Wednesday, November 7, 2007

Settling into Kaiser

Sara made it over ok. Moving wiped her out and she's barely responsive right now.

This is a huge ICU. The entire third floor of the hospital is divided up into two ICU units, east and west. I'm wondering what the nurse to patient ratio is...

She is not in a Neurosurgical ICU, but a Neurosurgical bed in the ICU. I'm a little worried now, but probably overreacting. I know this is a different hospital, different health system. What she basically needs now is rest and an opportunity to heal...so the quieter environment should do her well. I get to help a whole new crop of nurses and doctors learn how to communicate with her...
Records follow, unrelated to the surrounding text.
definition lam ::
  "real \<Rightarrow> 'a set \<Rightarrow> ('a \<Rightarrow> real) \<Rightarrow> nat \<Rightarrow> nat \<Rightarrow> ('a set list list \<Rightarrow> 'a set \<Rightarrow> real) \<Rightarrow> nat
    \<Rightarrow> 'a set list list \<Rightarrow> ('a \<Rightarrow> real) \<Rightarrow> 'a \<Rightarrow> real" where
  "lam eps I w k q X j h g i =
     (if i \<in> remaining I (take (j - 1) h)
      then (1 - real j * eps) / (1 - (real j - 1) * eps) * (1 / surv_prob I w k q X j h i) * g i
      else 0)"

fun gam ::
  "real \<Rightarrow> 'a set \<Rightarrow> ('a \<Rightarrow> real) \<Rightarrow> nat \<Rightarrow> nat \<Rightarrow> ('a set list list \<Rightarrow> 'a set \<Rightarrow> real)
    \<Rightarrow> 'a set \<Rightarrow> nat \<Rightarrow> 'a set list list \<Rightarrow> 'a \<Rightarrow> real" where
  "gam eps I w k q X Sstar 0 h = indicator Sstar"
| "gam eps I w k q X Sstar (Suc j) h =
     (\<lambda>i. if i \<in> remaining I (take (Suc j) h)
          then lam eps I w k q X (Suc j) h (gam eps I w k q X Sstar j h) i else 0)"

end

theory Submission
  imports Defs
begin

text \<open>Conditioned on the first \<open>j - 1\<close> rounds, an item \<open>i \<in> S\<^sub>j\<^sub>-\<^sub>1\<close> survives round \<open>j\<close>
  iff none of the \<open>q\<close> independent samples contains it, which happens with probability
  \<open>(1 - cover\<^sub>i(x\<^sup>j) / \<parallel>x\<^sup>j\<parallel>)\<^sup>q \<ge> 1 - q / \<parallel>x\<^sup>j\<parallel>\<close> by Bernoulli's inequality. Since
  \<open>cover\<^sub>i \<le> 1\<close>, \<open>\<parallel>x\<^sup>j\<parallel> = m (1 - (j - 1)\<epsilon>)\<close> and \<open>q = \<epsilon> m\<close>, this lower bound is exactly
  \<open>(1 - j\<epsilon>) / (1 - (j - 1)\<epsilon>)\<close>, so the factor by which \<open>\<lambda>\<^sup>j\<close> rescales \<open>\<gamma>\<^sup>j\<^sup>-\<^sup>1\<close> is at most 1,
  and \<open>\<gamma>\<^sup>j \<le> 1\<close> follows by induction from \<open>\<gamma>\<^sup>0 = \<one>\<^sub>S\<^sub>*\<close>.\<close>

lemma emeasure_iid_samples_all:
  "emeasure (measure_pmf (iid_samples n p)) {Rs. \<forall>R\<in>set Rs. P R}
     = ennreal (measure_pmf.prob p {R. P R} ^ n)"
proof (induction n)
  case 0
  then show ?case by (simp add: measure_pmf.emeasure_eq_measure)
next
  case (Suc n)
  let ?A = "{Rs. \<forall>R\<in>set Rs. P R}" and ?p = "measure_pmf.prob p {R. P R}"
  have cons: "emeasure (measure_pmf (map_pmf ((#) R) (iid_samples n p))) ?A
      = indicator {R. P R} R * ennreal (?p ^ n)" for R
  proof (cases "P R")
    case True
    then have "(#) R -` ?A = ?A" by auto
    then show ?thesis using True Suc by (simp add: emeasure_map_pmf)
  next
    case False
    then have "(#) R -` ?A = {}" by auto
    then show ?thesis using False by (simp add: emeasure_map_pmf)
  qed
  have "emeasure (measure_pmf (iid_samples (Suc n) p)) ?A
      = (\<integral>\<^sup>+R. emeasure (measure_pmf (map_pmf ((#) R) (iid_samples n p))) ?A \<partial>measure_pmf p)"
    by (simp only: iid_samples.simps emeasure_bind_pmf)
  also have "\<dots> = (\<integral>\<^sup>+R. indicator {R. P R} R * ennreal (?p ^ n) \<partial>measure_pmf p)"
    by (simp only: cons)
  also have "\<dots> = emeasure (measure_pmf p) {R. P R} * ennreal (?p ^ n)"
    by (simp add: nn_integral_multc)
  also have "\<dots> = ennreal (?p ^ Suc n)"
    by (simp add: measure_pmf.emeasure_eq_measure ennreal_mult' mult.commute)
  finally show ?case .
qed

lemma prob_iid_samples_all:
  "measure_pmf.prob (iid_samples n p) {Rs. \<forall>R\<in>set Rs. P R} = measure_pmf.prob p {R. P R} ^ n"
  using emeasure_iid_samples_all[of n p P] by (simp add: measure_pmf.emeasure_eq_measure)

lemma finite_configs: "finite I \<Longrightarrow> finite (configs I w k)"
  by (rule finite_subset[of _ "Pow I"]) (auto simp: configs_def is_config_def)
The very first thing one of the doctors brought up was a question about some notations in her record from UCD about, yes, you guessed it, advanced directive. Will they just leave it the hell alone...
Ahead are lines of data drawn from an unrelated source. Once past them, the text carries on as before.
lemma feasible_iff_sum_eq:
  assumes g: "simple_graph n m ends" and c: "connected_graph n m ends" and pn: "p \<le> n"
    and d: "d \<in> carrier_vec n" and u: "u \<in> carrier_vec p"
  shows "(\<exists>lam\<in>carrier_vec m. feasible (incidence_mat n m ends) (E_mat n p) d u lam)
     \<longleftrightarrow> (\<Sum>i<p. u $ i) = (\<Sum>i<n. d $ i)"
proof -
  let ?B = "incidence_mat n m ends" and ?x = "E_mat n p *\<^sub>v u - d"
  have x: "?x \<in> carrier_vec n" using mult_mat_vec_carrier[OF E_mat_carrier[OF pn] u] d by simp
  have "feasible ?B (E_mat n p) d u lam \<longleftrightarrow> ?B *\<^sub>v lam = ?x" if "lam \<in> carrier_vec m" for lam
    using that d mult_mat_vec_carrier[OF incidence_mat_carrier[of n m ends] that]
      carrier_matD[OF E_mat_carrier[OF pn]]
    unfolding feasible_def by (auto simp: vec_eq_iff)
  then have "(\<exists>lam\<in>carrier_vec m. feasible ?B (E_mat n p) d u lam) \<longleftrightarrow> ?x \<in> mat_image ?B"
    unfolding mem_mat_image_iff[OF incidence_mat_carrier] by auto
  also have "\<dots> \<longleftrightarrow> (\<Sum>i<n. ?x $ i) = 0"
    using mat_image_incidence_mat[OF g c] x by simp
  also have "(\<Sum>i<n. ?x $ i) = (\<Sum>i<p. u $ i) - (\<Sum>i<n. d $ i)"
    using d x sum_E_mat_mult_vec[OF pn u] by (simp add: sum_subtractf)
  finally show ?thesis by simp
qed

lemma cost_mat_diag:
  assumes u: "u \<in> carrier_vec p" and r: "r \<in> carrier_vec p"
  shows "cost (mat_diag p q) r s u = (\<Sum>i<p. q i / 2 * (u $ i)\<^sup>2 + r $ i * u $ i) + s"
proof -
  have "u \<bullet> (mat_diag p q *\<^sub>v u) = (\<Sum>i<p. q i * (u $ i)\<^sup>2)"
    using u by (simp add: mat_diag_mult_vec scalar_prod_def lessThan_atLeast0 power2_eq_square
        mult.commute mult.left_commute)
  moreover have "r \<bullet> u = (\<Sum>i<p. r $ i * u $ i)"
    using u by (simp add: scalar_prod_def lessThan_atLeast0)
  ultimately show ?thesis
    by (simp add: cost_def sum.distrib sum_distrib_left sum_divide_distrib)
qed

lemma cost_mat_diag_eq_stationary_point:
  assumes u: "u \<in> carrier_vec p" and v: "v \<in> carrier_vec p" and r: "r \<in> carrier_vec p"
    and stationary: "\<forall>i<p. q i * v $ i + r $ i = mu"
    and sum_eq: "(\<Sum>i<p. u $ i) = (\<Sum>i<p. v $ i)"
  shows "cost (mat_diag p q) r s u
       = cost (mat_diag p q) r s v + (\<Sum>i<p. q i / 2 * (u $ i - v $ i)\<^sup>2)"
proof -
  have "q i / 2 * (u $ i)\<^sup>2 + r $ i * u $ i
      = (q i / 2 * (v $ i)\<^sup>2 + r $ i * v $ i) + q i / 2 * (u $ i - v $ i)\<^sup>2 + mu * (u $ i - v $ i)"
    if "i < p" for i
    using stationary that by (auto simp: power2_eq_square algebra_simps)
  then have "(\<Sum>i<p. q i / 2 * (u $ i)\<^sup>2 + r $ i * u $ i)
      = (\<Sum>i<p. q i / 2 * (v $ i)\<^sup>2 + r $ i * v $ i) + (\<Sum>i<p. q i / 2 * (u $ i - v $ i)\<^sup>2)
        + mu * ((\<Sum>i<p. u $ i) - (\<Sum>i<p. v $ i))"
    by (simp add: sum.distrib sum_subtractf sum_distrib_left right_diff_distrib)
  then show ?thesis using sum_eq by (simp add: cost_mat_diag[OF u r] cost_mat_diag[OF v r])
qed

lemma stationary_point_minimises_cost_mat_diag:
  assumes "u \<in> carrier_vec p" "v \<in> carrier_vec p" "r \<in> carrier_vec p"
    and "\<forall>i<p. q i * v $ i + r $ i = mu" and "(\<Sum>i<p. u $ i) = (\<Sum>i<p. v $ i)"
    and "\<forall>i<p. q i \<ge> 0"
  shows "cost (mat_diag p q) r s v \<le> cost (mat_diag p q) r s u"
proof -
  have "0 \<le> (\<Sum>i<p. q i / 2 * (u $ i - v $ i)\<^sup>2)" using assms(6) by (intro sum_nonneg) simp
  then show ?thesis using cost_mat_diag_eq_stationary_point[OF assms(1-5)] by simp
qed

lemma stationary_point_unique_minimiser_cost_mat_diag:
  assumes "u \<in> carrier_vec p" "v \<in> carrier_vec p" "r \<in> carrier_vec p"
    and "\<forall>i<p. q i * v $ i + r $ i = mu" and "(\<Sum>i<p. u $ i) = (\<Sum>i<p. v $ i)"
    and qpos: "\<forall>i<p. q i > 0"
    and le: "cost (mat_diag p q) r s u \<le> cost (mat_diag p q) r s v"
  shows "u = v"
proof -
  have terms_nonneg: "q i / 2 * (u $ i - v $ i)\<^sup>2 \<ge> 0" if "i \<in> {..<p}" for i
    using qpos that by (simp add: less_imp_le)
  have "0 \<le> (\<Sum>i<p. q i / 2 * (u $ i - v $ i)\<^sup>2)"
    by (rule sum_nonneg) (rule terms_nonneg)
  then have "(\<Sum>i<p. q i / 2 * (u $ i - v $ i)\<^sup>2) = 0"
    using cost_mat_diag_eq_stationary_point[OF assms(1-5), of s] le by linarith
  then have "q i / 2 * (u $ i - v $ i)\<^sup>2 = 0" if "i < p" for i
    using sum_nonneg_0[OF finite_lessThan, where f = "\<lambda>i. q i / 2 * (u $ i - v $ i)\<^sup>2", OF terms_nonneg]
      that by blast
  then have "\<forall>i<p. u $ i = v $ i" using qpos by force
  then show ?thesis using assms(1,2) by (intro eq_vecI) auto
qed

lemma kappa_mat_diag:
  assumes pn: "p \<le> n" and d: "d \<in> carrier_vec n" and r: "r \<in> carrier_vec p"
  shows "kappa n p (mat_diag p f) d r
       = vec p (\<lambda>_. ((\<Sum>i<n. d $ i) + (\<Sum>i<p. f i * r $ i)) / (\<Sum>i<p. f i))"
proof -
  define w where "w = d + E_mat n p *\<^sub>v (mat_diag p f *\<^sub>v r)"
  have fr: "mat_diag p f *\<^sub>v r \<in> carrier_vec p" using mat_diag_mult_vec[OF r] by simp
  have w: "w \<in> carrier_vec n"
    unfolding w_def using d mult_mat_vec_carrier[OF E_mat_carrier[OF pn] fr] by simp
  have "(\<Sum>i<n. w $ i) = (\<Sum>i<n. d $ i + (E_mat n p *\<^sub>v (mat_diag p f *\<^sub>v r)) $ i)"
    unfolding w_def using d carrier_matD[OF E_mat_carrier[OF pn]] by (intro sum.cong) auto
  also have "\<dots> = (\<Sum>i<n. d $ i) + (\<Sum>i<p. f i * r $ i)"
    using sum_E_mat_mult_vec[OF pn fr] mat_diag_mult_vec[OF r] by (simp add: sum.distrib)
  moreover have "ones_vec p \<bullet> (mat_diag p f *\<^sub>v ones_vec p) = (\<Sum>i<p. f i)"
    by (simp add: ones_vec_def mat_diag_mult_vec scalar_prod_def lessThan_atLeast0)
  moreover have "(c \<cdot>\<^sub>m mat n n (\<lambda>_. 1)) *\<^sub>v w = vec n (\<lambda>_. c * (\<Sum>i<n. w $ i))" for c :: real
    using w by (auto intro!: eq_vecI simp: scalar_prod_def lessThan_atLeast0 sum_distrib_left)
  ultimately show ?thesis
    unfolding kappa_def w_def[symmetric] using pn by (auto simp: transpose_E_mat_mult_vec)
qed

lemma kappa_gives_stationary_feasible_point:
  assumes pn: "p \<le> n" and p1: "p \<ge> 1" and d: "d \<in> carrier_vec n" and r: "r \<in> carrier_vec p"
    and qpos: "\<forall>i<p. q i > 0"
  defines "v \<equiv> mat_diag p (\<lambda>i. 1 / q i) *\<^sub>v (kappa n p (mat_diag p (\<lambda>i. 1 / q i)) d r - r)"
  obtains mu where "v \<in> carrier_vec p" and "\<forall>i<p. q i * v $ i + r $ i = mu"
    and "(\<Sum>i<p. v $ i) = (\<Sum>i<n. d $ i)"
proof
  define mu where "mu = ((\<Sum>i<n. d $ i) + (\<Sum>i<p. 1 / q i * r $ i)) / (\<Sum>i<p. 1 / q i)"
  have v_eq: "v = vec p (\<lambda>i. 1 / q i * (mu - r $ i))"
    unfolding v_def kappa_mat_diag[OF pn d r] mu_def[symmetric]
    using r by (auto simp: mat_diag_mult_vec intro!: eq_vecI)
  show "v \<in> carrier_vec p" unfolding v_eq by simp
  show "\<forall>i<p. q i * v $ i + r $ i = mu"
    using qpos unfolding v_eq by force
  have "(\<Sum>i<p. 1 / q i) > 0"
    using p1 qpos by (intro sum_pos) (auto simp: lessThan_empty_iff)
  moreover have "(\<Sum>i<p. v $ i) = mu * (\<Sum>i<p. 1 / q i) - (\<Sum>i<p. 1 / q i * r $ i)"
    unfolding v_eq by (simp add: right_diff_distrib sum_subtractf sum_distrib_left mult.commute)
  ultimately show "(\<Sum>i<p. v $ i) = (\<Sum>i<n. d $ i)"
    unfolding mu_def by simp
qed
Anyway, she made it here. We'll see tomorrow what this group of doctors has to say and do for her...

I'll keep you posted.

Transferring at 6:30 pm

Sara will be transferring at 6:30 tonight to Kaiser South ICU. She will be taken via critical care transport at that time and I'll follow her over and help get her settled.

So lost right now...

right now I feel so helpless, lost... She's awake, responding slowly. I don't know what to ask. She's not in pain right now, but tears up. Her heartrate is up and she's getting sluggish. And I don't know what to ask.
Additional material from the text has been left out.